What function is used to create a hash in std :: hash and how much more preferable is it than the usual crc32? Preferences are fewer collisions, faster calculation. Basis - 32-bit system. Excerpts from the standard as a response are not welcome.

  • @Softinaria, it is clear that (judging by the independently found answer) you would in fact like to discuss, and which hash function is better (using the comparison example, say with CRC32 (for priming)). Unfortunately, now it seems that the rules are not the same (and the existing contingent basically corresponds to them) to ask such questions, the answers to which are ambiguous, and moreover depend on opinions for sure ... So, accept my sincere condolences. - avp
  • @avp yes, I wanted to discuss which is better. Doesn't this even follow from the topic of the question? And not for the seed, I took crc32 and std :: hash. Both returns a regular number. Therefore, the question arises, what is better to use to calculate the checksum. The standard solution is more convenient, but the standard does not specify a specific function. Not the fact that it will not change later. And if, say, for example, the client is "old" and will check for the given hash whether there is the same file on the "new" server, then it turns out garbage. (this is an example) At the same time, crc32 is more tested. - user212277
  • What does it mean more tested? And murmur (bernstain, crap, ...), think not? - avp
  • @avp Well, by itself, that the phrase is более проверен I did not mean the properties of the algorithms themselves. I meant exactly the use case itself. It is the fact that the function used in the standard will possibly change. And so it really will only show time. - user212277
  • one
    By the way, read the comments. Are you worried about the number of collisions? If you allow them at all (i.e. a collision is a normal case for an algorithm), then a few percent of collisions usually do not affect the total processing time at all. / Note, murmur is so fast only on systems that allow unallocated memory access (x86), on arm, for example, it will be slower. - avp

3 answers 3

Basis - 32-bit system.

Do you understand that crc32 and the bitness of your system do not correlate in any way? crc32 was also used in MS-DOS 16-bit OSs. And 32 is just the size of the final hash in bits.
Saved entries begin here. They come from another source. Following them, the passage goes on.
lemma G_pgf_le:
  assumes x: "0 \<le> x" "x < 1 + delta"
  shows "G_pgf x \<le> 1 + 2 * delta"
proof -
  define A where "A = 1 + mu_e * (1 - x)"
  have A: "A \<ge> 1 / 2"
    using times_mu_e_le[OF x] unfolding A_def by (simp add: algebra_simps)
  have G: "G_pgf x = 1 + alpha * (x - 1) / A"
    using G_pgf_times_denominator[of x] A unfolding A_def[symmetric] by (simp add: field_simps)
  have "alpha * (x - 1) / A \<le> 2 * delta"
  proof (cases "x \<le> 1")
    case True
    then have "alpha * (x - 1) / A \<le> 0"
      using alpha_pos A by (intro divide_nonpos_pos mult_nonneg_nonpos) auto
    then show ?thesis using delta(1) by linarith
  next
    case False
    have "alpha * (x - 1) / A \<le> (x - 1) / A"
      using False alpha_less_1 A by (intro divide_right_mono) (auto simp: mult_left_le_one_le)
    also have "\<dots> \<le> (x - 1) / (1 / 2)"
      using A False by (intro divide_left_mono) auto
    finally show ?thesis using x by simp
  qed
  then show ?thesis
    using G by linarith
qed

lemma pgf_domain:
  assumes x: "0 \<le> x" "x < 1 + delta" and y: "0 \<le> y" "y < 1 + delta"
  shows "x * mu_e < 1 + mu_e" and "y * G_pgf x * mu < 1 + mu"
proof -
  show x_mu_e: "x * mu_e < 1 + mu_e"
    using times_mu_e_le[OF x] by simp
  have "G_pgf x \<ge> 0"
    using G_pgf_abs_le(2)[of x] x x_mu_e by simp
  then have "y * G_pgf x \<le> (1 + delta) * (1 + 2 * delta)"
    using y G_pgf_le[OF x] by (intro mult_mono) auto
  also have "\<dots> \<le> 1 + 4 * delta"
    using delta(1,2) by (simp add: algebra_simps power2_eq_square)
  finally have "y * G_pgf x * mu \<le> (1 + 4 * delta) * mu"
    using mu_pos by (intro mult_right_mono) auto
  also have "\<dots> = mu + 4 * (delta * mu)"
    by (simp add: algebra_simps)
  finally show "y * G_pgf x * mu < 1 + mu"
    using delta(4) by linarith
qed

lemma joint_pgf_sums:
  assumes s1: "\<bar>s1\<bar> < 1 + delta" and s2: "\<bar>s2\<bar> < 1 + delta"
  shows "Infinite_Set_Sum.abs_summable_on (\<lambda>(a, b). geo_p mu a * trans_prob a b * s2 ^ a * s1 ^ b) UNIV"
    and "(\<Sum>\<^sub>a(a, b)\<in>UNIV. geo_p mu a * trans_prob a b * s2 ^ a * s1 ^ b) = joint_pgf s1 s2"
proof -
  have dom: "\<bar>s1\<bar> * mu_e < 1 + mu_e" "\<bar>s2\<bar> * G_pgf \<bar>s1\<bar> * mu < 1 + mu"
    using pgf_domain[of "\<bar>s1\<bar>" "\<bar>s2\<bar>"] s1 s2 by auto
  show "Infinite_Set_Sum.abs_summable_on (\<lambda>(a, b). geo_p mu a * trans_prob a b * s2 ^ a * s1 ^ b) UNIV"
    by (rule X_pair_pgf_sums(1)[OF dom])
  have "s1 * mu_e \<le> \<bar>s1\<bar> * mu_e"
    using mu_e_pos by (intro mult_right_mono) auto
  then have "1 + mu_e * (1 - s1) \<noteq> 0"
    using dom(1) by (simp add: algebra_simps)
  then show "(\<Sum>\<^sub>a(a, b)\<in>UNIV. geo_p mu a * trans_prob a b * s2 ^ a * s1 ^ b) = joint_pgf s1 s2"
    using X_pair_pgf_sums(2)[OF dom] joint_pgf_eq by simp
qed

lemma X_joint_pgf:
  assumes "\<bar>s1\<bar> < 1 + delta" and "\<bar>s2\<bar> < 1 + delta"
  shows "integrable M (\<lambda>w. s1 ^ X t w * s2 ^ X (t - 1) w)"
    and "(\<integral>w. s1 ^ X t w * s2 ^ X (t - 1) w \<partial>M) = joint_pgf s1 s2"
proof -
  let ?V = "\<lambda>w. (X (t - 1) w, X t w)"
  have probs: "(\<lambda>k. prob {w \<in> space M. ?V w = k} * (case k of (a, b) \<Rightarrow> s2 ^ a * s1 ^ b)) =
      (\<lambda>(a, b). geo_p mu a * trans_prob a b * s2 ^ a * s1 ^ b)"
    by (auto simp: fun_eq_iff prob_X_pair)
  have V: "?V \<in> M \<rightarrow>\<^sub>M count_space UNIV"
    by measurable
  have f: "(\<lambda>w. s1 ^ X t w * s2 ^ X (t - 1) w) = (\<lambda>w. (\<lambda>(a, b). s2 ^ a * s1 ^ b) (?V w))"
    by (simp add: fun_eq_iff)
  show "integrable M (\<lambda>w. s1 ^ X t w * s2 ^ X (t - 1) w)"
    unfolding f integrable_countable_rv_iff[OF V] probs by (rule joint_pgf_sums(1)[OF assms])
  show "(\<integral>w. s1 ^ X t w * s2 ^ X (t - 1) w \<partial>M) = joint_pgf s1 s2"
    unfolding f integral_countable_rv[OF V] probs by (rule joint_pgf_sums(2)[OF assms])
qed

text \<open>Compare coefficients in the symmetric joint generating function.\<close>

lemma detailed_balance: "geo_p mu a * trans_prob a b = geo_p mu b * trans_prob b a"
proof -
  have "(\<lambda>a b. geo_p mu a * trans_prob a b) = (\<lambda>a b. geo_p mu b * trans_prob b a)"
  proof (rule powser2_coeffs_unique[OF delta(1)])
    fix x y :: real assume "\<bar>x\<bar> < delta" "\<bar>y\<bar> < delta"
    then have x: "\<bar>x\<bar> < 1 + delta" and y: "\<bar>y\<bar> < 1 + delta" by auto
    show "Infinite_Set_Sum.abs_summable_on (\<lambda>(a, b). geo_p mu a * trans_prob a b * x ^ a * y ^ b) UNIV"
      by (rule joint_pgf_sums(1)[OF y x])
    show "Infinite_Set_Sum.abs_summable_on (\<lambda>(a, b). geo_p mu b * trans_prob b a * x ^ a * y ^ b) UNIV"
      using joint_pgf_sums(1)[OF x y]
        abs_summable_on_Times_swap[of "\<lambda>(a, b). geo_p mu a * trans_prob a b * y ^ a * x ^ b" UNIV UNIV]
      by (simp add: case_prod_unfold mult_ac)
    have "(\<Sum>\<^sub>a(a, b)\<in>UNIV. geo_p mu b * trans_prob b a * x ^ a * y ^ b) = joint_pgf x y"
      using joint_pgf_sums(2)[OF x y] infsetsum_pairs_swap[of "\<lambda>a b. geo_p mu b * trans_prob b a * x ^ a * y ^ b"]
      by (simp add: mult_ac)
    then show "(\<Sum>\<^sub>a(a, b)\<in>UNIV. geo_p mu a * trans_prob a b * x ^ a * y ^ b) =
        (\<Sum>\<^sub>a(a, b)\<in>UNIV. geo_p mu b * trans_prob b a * x ^ a * y ^ b)"
      using joint_pgf_sums(2)[OF y x] joint_pgf_commute by simp
  qed
  then show ?thesis by (metis)
qed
What function is used to create a hash in std :: hash

std :: hash is not a function, but a template, so for hashing various types it will use different hashing algorithms, for example, std::hash for int 1 will return 1 , since the hash for a number is the number itself.

In addition, you did not say exactly which implementation of the standard C ++ library you are using. In theory, you can imagine a library that uses crc32 for all hashing (and it works very poorly).

crc32 is used for small data, but fast. md5 in slower, but much harder to run into a collision (32 bits <128 bits in md5)

Reply to comments:

I correlated crc32 with hash c ++ 11, and it, in turn, depends on the bit depth of the axis. And for a correct comparison, they should be the same bit depth

depends on the ISO standard, then on the compiler developer. how it implements hashing is its own business, if not specified in the standard, and yes, it is std :: hash that depends on the capacity of the system, you are right.

The actual hash functions are implementation-dependent, which means that both clang and msvc and gcc and everyone else can implement them differently. Did I ask about md5 and its speed? It is outdated. And where I need hashes with minimal collisions, I will not use it.

what a news. md5 is vulnerable to intentional attacks (you can create a collision specifically), so it is outdated as a cryptographic hash (thanks to @ D-side for editing), but as a function of hashing it is not. (good comparison md5 / sha1)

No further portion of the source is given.